I see major advantages in terms of quick deployment for the fixed blade, concealability, and assasination tactics that a military person in rare cases might need. I prefer a reverse grip particularly if I am caught in a grappling circumstance with the knife. I could see advantages of reverse grip if I were to be using it to back up my firearm hand as well.

You see, not everything is going to go down in real life like it will on the mats. If I am sparring with my trainer, it will be a duel that will require a forward grip to win. However, there is a good chance that in self-defense I won't have time to square off, it may start in the standing grappling range from the get-go, I will be unevenly matched, and it won't be knife on knife. Quick deployment of reverse grip becomes a viable tactic for real life scenario's outside of the training floor.

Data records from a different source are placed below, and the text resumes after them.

lemma fmat_mult_id_right [simp]: "fmat_mult A fmat_id = A"
  by (simp add: fmat_mult_def fmat_id_def fun_eq_iff if_zero_mult mult_if_zero)

lemma fmat_mult_zero_left [simp]: "fmat_mult fmat_zero A = fmat_zero"
  by (simp add: fmat_mult_def fmat_zero_def fun_eq_iff)

lemma fmat_mult_zero_right [simp]: "fmat_mult A fmat_zero = fmat_zero"
  by (simp add: fmat_mult_def fmat_zero_def fun_eq_iff)

lemma fmat_mult_scalar_left [simp]: "fmat_mult (fmat_scalar x) A = (\<lambda>i j. x * A i j)"
  by (simp add: fmat_mult_def fmat_scalar_def fun_eq_iff if_zero_mult mult_if_zero)

lemma fmat_mult_neg_left: "fmat_mult (\<lambda>i j. - A i j) B = (\<lambda>i j. - fmat_mult A B i j)"
  by (simp add: fmat_mult_def fun_eq_iff sum_negf)

lemma fmat_mult_assoc: "fmat_mult (fmat_mult A B) C = fmat_mult A (fmat_mult B C)"
  unfolding fmat_mult_def fun_eq_iff
  by (simp add: sum_distrib_left sum_distrib_right mult.assoc, intro allI, rule sum.swap)

lemma fmat_zero_apply [simp]: "fmat_zero i j = 0"
  by (simp add: fmat_zero_def)

lemma block_mat_id: "block_mat fmat_id fmat_zero fmat_zero fmat_id = mat 1"
  by (simp add: block_mat_def mat_def vec_eq_iff fmat_id_def split: sum.split)

lemma det_block_upper_unitriangular: "det (block_mat fmat_id B fmat_zero fmat_id) = 1"
  by (subst det_rank_triangular[where r = "\<lambda>u. case u of Inl _ \<Rightarrow> 0 | Inr _ \<Rightarrow> 1"])
     (auto simp: block_mat_def fmat_id_def prod_UNIV_Plus split: sum.split)

lemma det_block_lower_unitriangular: "det (block_mat fmat_id fmat_zero C fmat_id) = 1"
  by (subst det_rank_triangular[where r = "\<lambda>u. case u of Inl _ \<Rightarrow> 1 | Inr _ \<Rightarrow> 0"])
     (auto simp: block_mat_def fmat_id_def prod_UNIV_Plus split: sum.split)

lemma det_block_diagonal:
  "det (block_mat fmat_id fmat_zero fmat_zero (\<lambda>i j. if i = j then d i else 0)) = (\<Prod>k\<in>UNIV. d k)"
  by (subst det_diagonal) (auto simp: block_mat_def fmat_id_def prod_UNIV_Plus split: sum.split)

lemma det_symplectic_J_squared: "det (symplectic_J :: 'a::comm_ring_1^('n::finite + 'n)^('n + 'n)) ^ 2 = 1"
proof -
  have "(symplectic_J :: 'a^('n + 'n)^('n + 'n)) ** symplectic_J
      = block_mat (\<lambda>i j. - fmat_id i j) fmat_zero fmat_zero (\<lambda>i j. - fmat_id i j)"
    by (simp add: symplectic_J_def block_mat_mult fmat_mult_neg_left, simp add: fmat_zero_def[abs_def])
  also have "det \<dots> = (- 1) ^ (2 * CARD('n))"
    by (subst det_diagonal)
       (auto simp: block_mat_def fmat_id_def prod_UNIV_Plus power_mult power2_eq_square split: sum.split)
  finally show ?thesis by (simp add: det_mul power2_eq_square power_mult)
qed

text \<open>
  Times \<^const>\<open>symplectic_J\<close> the pencil becomes [[1, A], [-x, 1]] with A = x - M, which is
  lower unitriangular \<cdot> diag(1, 1 + x A) \<cdot> upper unitriangular; and 1 + x A is diagonalised by V.
\<close>
lemma det_block_pencil:
  fixes M V :: "'n::finite \<Rightarrow> 'n \<Rightarrow> 'a::comm_ring_1" and x :: 'a and d :: "'n \<Rightarrow> 'a"
  assumes orth: "fmat_mult V (\<lambda>i j. V j i) = fmat_id"
    and diag: "(\<lambda>i j. (if i = j then 1 + x * x else 0) - x * M i j)
               = fmat_mult (fmat_mult V (\<lambda>i j. if i = j then d i else 0)) (\<lambda>i j. V j i)"
  shows "det (block_mat (\<lambda>i j. fmat_scalar x i j - M i j) (\<lambda>i j. - fmat_id i j) fmat_id (fmat_scalar x))
           * det (symplectic_J :: 'a^('n + 'n)^('n + 'n)) = (\<Prod>k\<in>UNIV. d k)"
proof -
  define A where "A = (\<lambda>i j. fmat_scalar x i j - M i j)"
  define W where "W = (\<lambda>i j. (if i = j then 1 + x * x else 0) - x * M i j)"
  define D where "D = (\<lambda>i j. if i = j then d i else (0::'a))"
  define VT where "VT = (\<lambda>i j. V j i)"
  let ?diag = "\<lambda>B. block_mat fmat_id fmat_zero fmat_zero B :: 'a^('n + 'n)^('n + 'n)"
  let ?Z = "block_mat A (\<lambda>i j. - fmat_id i j) fmat_id (fmat_scalar x) :: 'a^('n + 'n)^('n + 'n)"
  let ?L = "block_mat fmat_id fmat_zero (\<lambda>i j. - fmat_scalar x i j) fmat_id :: 'a^('n + 'n)^('n + 'n)"
  let ?U = "block_mat fmat_id A fmat_zero fmat_id :: 'a^('n + 'n)^('n + 'n)"
  have ZJ: "?Z ** symplectic_J = block_mat fmat_id A (\<lambda>i j. - fmat_scalar x i j) fmat_id"
    by (simp add: symplectic_J_def block_mat_mult fmat_mult_neg_left,
        simp add: fmat_id_def[abs_def] fmat_scalar_def[abs_def] fmat_zero_def[abs_def]
          if_zero_mult mult_if_zero cong: if_cong)
  have LDU: "?L ** (?diag W ** ?U) = block_mat fmat_id A (\<lambda>i j. - fmat_scalar x i j) fmat_id"
    by (simp add: block_mat_mult fmat_mult_neg_left, intro arg_cong2[where f = "block_mat _ _"] ext)
       (auto simp: fmat_id_def fmat_scalar_def fmat_zero_def fmat_mult_def A_def W_def
          if_zero_mult mult_if_zero algebra_simps)
  have W_factor: "?diag W = ?diag V ** (?diag D ** ?diag VT)"
    by (simp add: block_mat_mult W_def diag D_def VT_def fmat_mult_assoc;
        (simp add: fmat_zero_def[abs_def] fmat_mult_def[abs_def])?)
  have V_inv: "det (?diag V) * det (?diag VT) = 1"
  proof -
    have "?diag V ** ?diag VT = ?diag fmat_id"
      by (simp add: block_mat_mult VT_def orth; (simp add: fmat_zero_def[abs_def] fmat_mult_def[abs_def])?)
    then show ?thesis by (simp add: det_mul[symmetric] block_mat_id)
  qed
  have "det ?Z * det (symplectic_J :: 'a^('n + 'n)^('n + 'n)) = det (?Z ** symplectic_J)"
    by (rule det_mul[symmetric])
  also have "\<dots> = det (?L ** (?diag W ** ?U))"
    by (simp only: ZJ LDU)
  also have "\<dots> = det ?L * (det (?diag W) * det ?U)"
    by (simp add: det_mul)
  also have "\<dots> = det (?diag V) * det (?diag VT) * det (?diag D)"
    by (simp add: det_block_upper_unitriangular det_block_lower_unitriangular W_factor det_mul
        algebra_simps)
  also have "\<dots> = (\<Prod>k\<in>UNIV. d k)"
    by (simp add: V_inv D_def det_block_diagonal)
  finally show ?thesis by (simp add: A_def)
qed

definition coupled_linear :: "real^'n^'n \<Rightarrow> real^('n::finite + 'n) \<Rightarrow> real^('n + 'n)" where
  "coupled_linear M z = (\<chi> s. case s of
      Inl i \<Rightarrow> z $ Inr i + (\<Sum>j\<in>UNIV. M $ i $ j * z $ Inl j)
    | Inr i \<Rightarrow> - z $ Inl i)"

lemma has_derivative_vec_nth: "((\<lambda>z. z $ k) has_derivative (\<lambda>h. h $ k)) F"
  by (rule bounded_linear_imp_has_derivative[OF bounded_linear_vec_nth])

lemma coupled_field_zero: "coupled_field a b M 0 = 0"
  by (simp add: coupled_field_def vec_eq_iff split: sum.split)

lemma coupled_field_has_derivative: "(coupled_field a b M has_derivative coupled_linear M) (at 0)"
proof -
  have "((\<lambda>z. coupled_field a b M z $ u) has_derivative (\<lambda>h. coupled_linear M h $ u)) (at 0)" for u
  proof (cases u)
    case (Inl i)
    have "((\<lambda>z. z $ Inr i + a * (z $ Inl i)^2 + b * (z $ Inl i)^3 + (\<Sum>j\<in>UNIV. M $ i $ j * z $ Inl j))
        has_derivative (\<lambda>h. h $ Inr i + (\<Sum>j\<in>UNIV. M $ i $ j * h $ Inl j))) (at 0)"
      by (auto intro!: derivative_eq_intros has_derivative_vec_nth)
    then show ?thesis using Inl by (simp add: coupled_field_def coupled_linear_def)
  next
    case (Inr i)
    have "((\<lambda>z. - z $ Inl i) has_derivative (\<lambda>h. - h $ Inl i)) (at 0)"
      by (auto intro!: derivative_eq_intros has_derivative_vec_nth)
    then show ?thesis using Inr by (simp add: coupled_field_def coupled_linear_def)
  qed
  then show ?thesis
    by (subst has_derivative_componentwise_within) (auto simp: Basis_vec_def inner_axis)
qed

lemma jacobian_coupled_field: "jacobian (coupled_field a b M) (at 0) = matrix (coupled_linear M)"
  unfolding jacobian_def
  by (rule arg_cong[where f = matrix, OF frechet_derivative_at[OF coupled_field_has_derivative, symmetric]])

lemma of_real_if_zero: "of_real (if P then a else 0) = (if P then of_real a else 0)"
  by simp

lemma charpoly_coupled_linear_block:
  "charpoly (matrix (coupled_linear M)) =
     det (block_mat (\<lambda>i j. fmat_scalar [:0, 1:] i j - [:complex_of_real (M $ i $ j):])
                    (\<lambda>i j. - fmat_id i j) fmat_id (fmat_scalar [:0, 1:]))"
  unfolding charpoly_def
  by (rule arg_cong[where f = det])
     (auto simp: vec_eq_iff block_mat_def matrix_def coupled_linear_def axis_def fmat_scalar_def fmat_id_def
        one_pCons if_zero_mult mult_if_zero of_real_if_zero split: sum.split)

lemma sum_pCons_quadratic:
  "finite A \<Longrightarrow> (\<Sum>l\<in>A. [:p l, q l, r l:]) = [:\<Sum>l\<in>A. p l, \<Sum>l\<in>A. q l, \<Sum>l\<in>A. r l:]"
  by (induction A rule: finite_induct) simp_all
(* For every positive integer $t$ and every finite graph $G$ admitting a vertex cover of size at most $t$, the hypergraph of balls in $G$ has a proper sample compression scheme of size $t+4$.
   Context: A vertex cover of $G$ is a set $R\subseteq V(G)$ meeting every edge. A hypergraph $H$ is a pair $(V(H),E(H))$ with $V(H)$ finite and $E(H)\subseteq 2^{V(H)}$. A sample of $H$ is a pair $(X^+,X^-)$ of subsets of $V(H)$ such that some $e\in E(H)$ has $X^+\subseteq e$, $X^-\cap e=\emptyset$; $\mathcal{S}(H)$ is the set of samples. $S$ realizes $(X^+,X^-)$ if $X^+\subseteq S$, $S\cap X^-=\emptyset$. A subsample of $(X^+,X^-)$ is a sample $(Y^+,Y^-)$ with $Y^\pm\subseteq X^\pm$, of size $|Y^+\cup Y^-|$. A sample compression scheme is a pair $(\kappa,\rho)$ with $\kappa:\mathcal{S}(H)\to\mathcal{S}(H)\times\{0,1\}^*$, $\rho:\mathcal{S}(H)\times\{0,1\}^*\to 2^{V(H)}$, such that for every sample the first component of $\kappa(X^+,X^-)$ is a subsample of it and $\rho(\kappa(X^+,X^-))$ realizes it; its size is $k_1+k_2$ with $k_1$ the maximum size of the subsample and $k_2$ the maximum bitstring length output by $\kappa$; it is proper if every value of $\rho$ is a hyperedge. The hypergraph of balls in $G$ has vertex set $V(G)$ and hyperedges all $B_G(c,r)=\{v:\mathrm{dist}_G(c,v)\le r\}$ for $c\in V(G)$, $r$ an integer. *)

theory Defs
  imports Main "HOL-Library.Extended_Nat"
begin

definition graph :: "'a set \<Rightarrow> ('a \<times> 'a) set \<Rightarrow> bool" where
  "graph V Ed \<longleftrightarrow> Ed \<subseteq> V \<times> V \<and> sym Ed \<and> irrefl Ed"

definition vertex_cover :: "'a set \<Rightarrow> ('a \<times> 'a) set \<Rightarrow> 'a set \<Rightarrow> bool" where
  "vertex_cover V Ed R \<longleftrightarrow> R \<subseteq> V \<and> (\<forall>(u,v)\<in>Ed. u \<in> R \<or> v \<in> R)"

text \<open>Graph distance (infinite if no path): least n such that v is reachable from u in n steps.\<close>
definition gdist :: "('a \<times> 'a) set \<Rightarrow> 'a \<Rightarrow> 'a \<Rightarrow> enat" where
  "gdist Ed u v = (INF n \<in> {n. (u, v) \<in> Ed ^^ n}. enat n)"

definition ball :: "'a set \<Rightarrow> ('a \<times> 'a) set \<Rightarrow> 'a \<Rightarrow> int \<Rightarrow> 'a set" where
  "ball V Ed c r = {v \<in> V. r \<ge> 0 \<and> gdist Ed c v \<le> enat (nat r)}"
(* Let $G$ be a graph, $\theta$ a real number, and let $u_1,\dots,u_k$ be distinct $\theta$-positive vertices of $G$. Then $\mathrm{mult}(\theta,G\setminus\{u_1,\dots,u_k\})$ is either equal to $\mathrm{mult}(\theta,G)+k$ or at most $\mathrm{mult}(\theta,G)+k-2$.
   Context: All graphs are finite and simple. For a graph $G$ on $n$ vertices, let $p(G,r)$ be the number of $r$-matchings of $G$ ($p(G,0)=1$); the matching polynomial is $\mu(G,x)=\sum_{r=0}^{\lfloor n/2\rfloor}(-1)^r p(G,r)x^{n-2r}$. For real $\theta$, $\mathrm{mult}(\theta,G)$ is the multiplicity of $\theta$ as a root of $\mu(G,x)$ (it is $0$ if $\theta$ is not a root). $G\setminus X$ denotes deletion of the vertex set $X$ and $G\setminus u=G\setminus\{u\}$. A vertex $u$ is $\theta$-positive in $G$ if $\mathrm{mult}(\theta,G\setminus u)=\mathrm{mult}(\theta,G)+1$. *)

theory Defs
  imports "HOL-Computational_Algebra.Polynomial"
begin

type_synonym 'a graph = "'a set \<times> 'a set set"

definition simple_graph :: "'a graph \<Rightarrow> bool" where
  "simple_graph G \<longleftrightarrow> finite (fst G) \<and>
     (\<forall>e\<in>snd G. e \<subseteq> fst G \<and> card e = 2)"

definition verts :: "'a graph \<Rightarrow> 'a set" where "verts G = fst G"
definition edges :: "'a graph \<Rightarrow> 'a set set" where "edges G = snd G"

definition del_verts :: "'a graph \<Rightarrow> 'a set \<Rightarrow> 'a graph" where
  "del_verts G X = (verts G - X, {e \<in> edges G. e \<inter> X = {}})"

definition matchings :: "'a graph \<Rightarrow> nat \<Rightarrow> 'a set set set" where
  "matchings G r = {M. M \<subseteq> edges G \<and> card M = r \<and>
      (\<forall>e\<in>M. \<forall>f\<in>M. e \<noteq> f \<longrightarrow> e \<inter> f = {})}"

definition num_matchings :: "'a graph \<Rightarrow> nat \<Rightarrow> nat" where
  "num_matchings G r = card (matchings G r)"
(* For every $n\ge 4$, $W(n)\le \frac34 n+1$.
   Context: Graphs are finite simple graphs viewed as structures with adjacency relation $E$ and equality; $\chi(G)$ is the chromatic number and $K_3$ the complete graph on 3 vertices. For a graph $G$ with $\chi(G)>3$, $W(G)$ is the least $k$ such that some existential-positive first-order sentence (built from atomic formulas $x=y$, $E(x,y)$ using only $\wedge$, $\vee$ and $\exists$) in which at most $k$ distinct variables occur is true in $G$ and false in $K_3$. $W(n)=\max\{W(G): |V(G)|=n,\ \chi(G)>3\}$. *)

theory Defs
  imports Complex_Main
begin

definition simple_graph :: "'a set \<Rightarrow> ('a \<Rightarrow> 'a \<Rightarrow> bool) \<Rightarrow> bool" where
  "simple_graph V E \<longleftrightarrow> finite V \<and>
     (\<forall>x y. E x y \<longrightarrow> x \<in> V \<and> y \<in> V) \<and>
     (\<forall>x y. E x y \<longrightarrow> E y x) \<and> (\<forall>x. \<not> E x x)"

definition proper_colouring :: "'a set \<Rightarrow> ('a \<Rightarrow> 'a \<Rightarrow> bool) \<Rightarrow> nat \<Rightarrow> ('a \<Rightarrow> nat) \<Rightarrow> bool" where
  "proper_colouring V E k c \<longleftrightarrow> (\<forall>x\<in>V. c x < k) \<and> (\<forall>x\<in>V. \<forall>y\<in>V. E x y \<longrightarrow> c x \<noteq> c y)"

definition chromatic_number :: "'a set \<Rightarrow> ('a \<Rightarrow> 'a \<Rightarrow> bool) \<Rightarrow> nat" where
  "chromatic_number V E = (LEAST k. \<exists>c. proper_colouring V E k c)"

definition K3_V :: "nat set" where "K3_V = {0, 1, 2}"
definition K3_E :: "nat \<Rightarrow> nat \<Rightarrow> bool" where
  "K3_E x y \<longleftrightarrow> x \<in> K3_V \<and> y \<in> K3_V \<and> x \<noteq> y"

text \<open>Existential-positive first-order formulas over the signature {E} with equality;
  variables are named by natural numbers.\<close>

datatype epfm = Eq nat nat | Adj nat nat | Conj epfm epfm | Disj epfm epfm | Ex nat epfm

fun vars :: "epfm \<Rightarrow> nat set" where
  "vars (Eq x y) = {x, y}"
| "vars (Adj x y) = {x, y}"
| "vars (Conj p q) = vars p \<union> vars q"
| "vars (Disj p q) = vars p \<union> vars q"
| "vars (Ex x p) = insert x (vars p)"

fun fvars :: "epfm \<Rightarrow> nat set" where
  "fvars (Eq x y) = {x, y}"
| "fvars (Adj x y) = {x, y}"
| "fvars (Conj p q) = fvars p \<union> fvars q"
| "fvars (Disj p q) = fvars p \<union> fvars q"
| "fvars (Ex x p) = fvars p - {x}"

definition sentence :: "epfm \<Rightarrow> bool" where
  "sentence p \<longleftrightarrow> fvars p = {}"

fun sat :: "'a set \<Rightarrow> ('a \<Rightarrow> 'a \<Rightarrow> bool) \<Rightarrow> (nat \<Rightarrow> 'a) \<Rightarrow> epfm \<Rightarrow> bool" where
  "sat V E s (Eq x y) \<longleftrightarrow> s x = s y"
| "sat V E s (Adj x y) \<longleftrightarrow> E (s x) (s y)"
| "sat V E s (Conj p q) \<longleftrightarrow> sat V E s p \<and> sat V E s q"
| "sat V E s (Disj p q) \<longleftrightarrow> sat V E s p \<or> sat V E s q"
| "sat V E s (Ex x p) \<longleftrightarrow> (\<exists>a\<in>V. sat V E (s(x := a)) p)"

definition holds :: "'a set \<Rightarrow> ('a \<Rightarrow> 'a \<Rightarrow> bool) \<Rightarrow> epfm \<Rightarrow> bool" where
  "holds V E p \<longleftrightarrow> (\<forall>s. (\<forall>x. s x \<in> V) \<longrightarrow> sat V E s p)"
lemma measurable_skew [measurable]: "skew \<in> measurable (M \<Otimes>\<^sub>M P) (M \<Otimes>\<^sub>M P)"
  unfolding skew_def
proof (rule measurable_Pair)
  show "(\<lambda>x. \<tau> (fst x)) \<in> measurable (M \<Otimes>\<^sub>M P) M"
    by (rule measurable_compose[OF measurable_fst base.measurable_T])
  have "(\<lambda>x. (\<lambda>k x. \<theta> k (snd x)) (\<kappa> (fst x)) x) \<in> measurable (M \<Otimes>\<^sub>M P) P"
  proof (rule measurable_compose_countable'[OF _ _ countable_int_vec_set])
    show "(\<lambda>x. \<theta> k (snd x)) \<in> measurable (M \<Otimes>\<^sub>M P) P" if "k \<in> K" for k
      by (rule measurable_compose[OF measurable_snd measurable_\<theta>[OF that]])
    show "(\<lambda>x. \<kappa> (fst x)) \<in> measurable (M \<Otimes>\<^sub>M P) (count_space K)"
      by (rule measurable_compose[OF measurable_fst measurable_\<kappa>])
  qed
  then show "(\<lambda>x. \<theta> (\<kappa> (fst x)) (snd x)) \<in> measurable (M \<Otimes>\<^sub>M P) P" by simp
qed

lemma funpow_skew:
  assumes "t \<in> space M" "\<omega> \<in> space P"
  shows "(skew ^^ i) (t, \<omega>) = ((\<tau> ^^ i) t, \<theta> (cocycle i t) \<omega>)"
proof (induction i)
  case 0
  then show ?case using action assms by (simp add: cocycle_def mp_action_def)
next
  case (Suc i)
  have "\<theta> (\<kappa> ((\<tau> ^^ i) t)) (\<theta> (cocycle i t) \<omega>) = \<theta> (cocycle (Suc i) t) \<omega>"
    using action assms \<kappa>_in_K cocycle_in_K measurable_space[OF base.measurable_funpow_T]
    by (simp add: mp_action_def cocycle_Suc add.commute)
  then show ?case using Suc by (simp add: skew_def)
qed
(* Let $(T_0,\widetilde T_0)$ be a joint pair of closed abstract Friedrichs operators on a complex Hilbert space $\mathcal{H}$, and let $T_1:=\widetilde T_0^*$, $\widetilde T_1:=T_0^*$, $\mathcal{W}_0:=\operatorname{dom}T_0=\operatorname{dom}\widetilde T_0$ and $\mathcal{W}:=\operatorname{dom}T_1=\operatorname{dom}\widetilde T_1$. Then $$\mathcal{W}=\mathcal{W}_0\dotplus\operatorname{ker}T_1\dotplus\operatorname{ker}\widetilde T_1,$$ i.e. every $u\in\mathcal{W}$ can be written uniquely as $u=u_0+\nu+\tilde\nu$ with $u_0\in\mathcal{W}_0$, $\nu\in\operatorname{ker}T_1$, $\tilde\nu\in\operatorname{ker}\widetilde T_1$.
   Context: $\mathcal{H}$ is a complex Hilbert space with inner product $\langle\cdot,\cdot\rangle$ (linear in the first argument) and norm $\|\cdot\|$. A pair $(T,\widetilde T)$ of densely defined linear operators on $\mathcal{H}$ is a joint pair of abstract Friedrichs operators if: (T1) $T$ and $\widetilde T$ have a common dense domain $\mathcal{D}$ and $\langle T\varphi,\psi\rangle=\langle\varphi,\widetilde T\psi\rangle$ for all $\varphi,\psi\in\mathcal{D}$; (T2) there is $c>0$ with $\|(T+\widetilde T)\varphi\|\le c\|\varphi\|$ for all $\varphi\in\mathcal{D}$; (T3) there is $\mu_0>0$ with $\langle (T+\widetilde T)\varphi,\varphi\rangle\ge 2\mu_0\|\varphi\|^2$ for all $\varphi\in\mathcal{D}$. A joint pair of closed abstract Friedrichs operators is such a pair $(T_0,\widetilde T_0)$ in which both operators are closed. For such a pair one has $T_0\subseteq T_1$, $\widetilde T_0\subseteq\widetilde T_1$ and $\operatorname{dom}T_1=\operatorname{dom}\widetilde T_1$. *)

theory Defs
  imports "HOL-Analysis.Analysis"
begin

Now, although I respect Mr. Thompson for some of his wonderful and affordable Cold Steel products, I think he speaks a bit too "matter-of-factly" for my tastes when he writes on blade tactics. Not all these issues are as black and white as this article would want you to believe. I wouldn't expect to get the "truth" about reverse grip from any article, as in a blade encounter this issue is very subjective to the situation, need, and individual.

Just my opinions,

Paul Janulis


----------



## psi_radar (Jan 18, 2005)

I would include better retention as another advantage of the reverse grip.


----------



## Rick Wade (Jan 18, 2005)

I personally like the reverse grip.

I train with the Pick tactical Knife.  the handle is made to fit the same reverse or forward.  

in the reverse you can emply traps and it give you a much stronger grip when using the blade to block someone that is trying to slash you.

I am not doubting what you guys are saying this is just what I have been shown and practice.  It is what is comfortable for me.  

V/R
Rick English


----------



## sgtmac_46 (Jan 18, 2005)

arnisandyz said:
			
		

> Advantages
> Power
> trapping
> 
> ...


They forgot one advantage...concealability (Element of surprise)...reverse grip conceals the knife for surprise attack.  Even if your opponent has a knife, not knowing you have one can give you an advantage.  Again, though, i'm of mixed feelings on the issue.


----------



## Cruentus (Jan 18, 2005)

To find out where one stands on the issue, it is best to test this stuff for oneself. The best way to lab test this stuff is to spar to first blood with flexable trainers. In sparring knife vs. knife you'll find that the forward grip wins almost every time. However, if you do scenario training, you'll find plenty of scenarios where the reverse grip is the way to go.

Paul


----------



## AnimEdge (Jan 18, 2005)

i would only use it in a more threating way, ya know?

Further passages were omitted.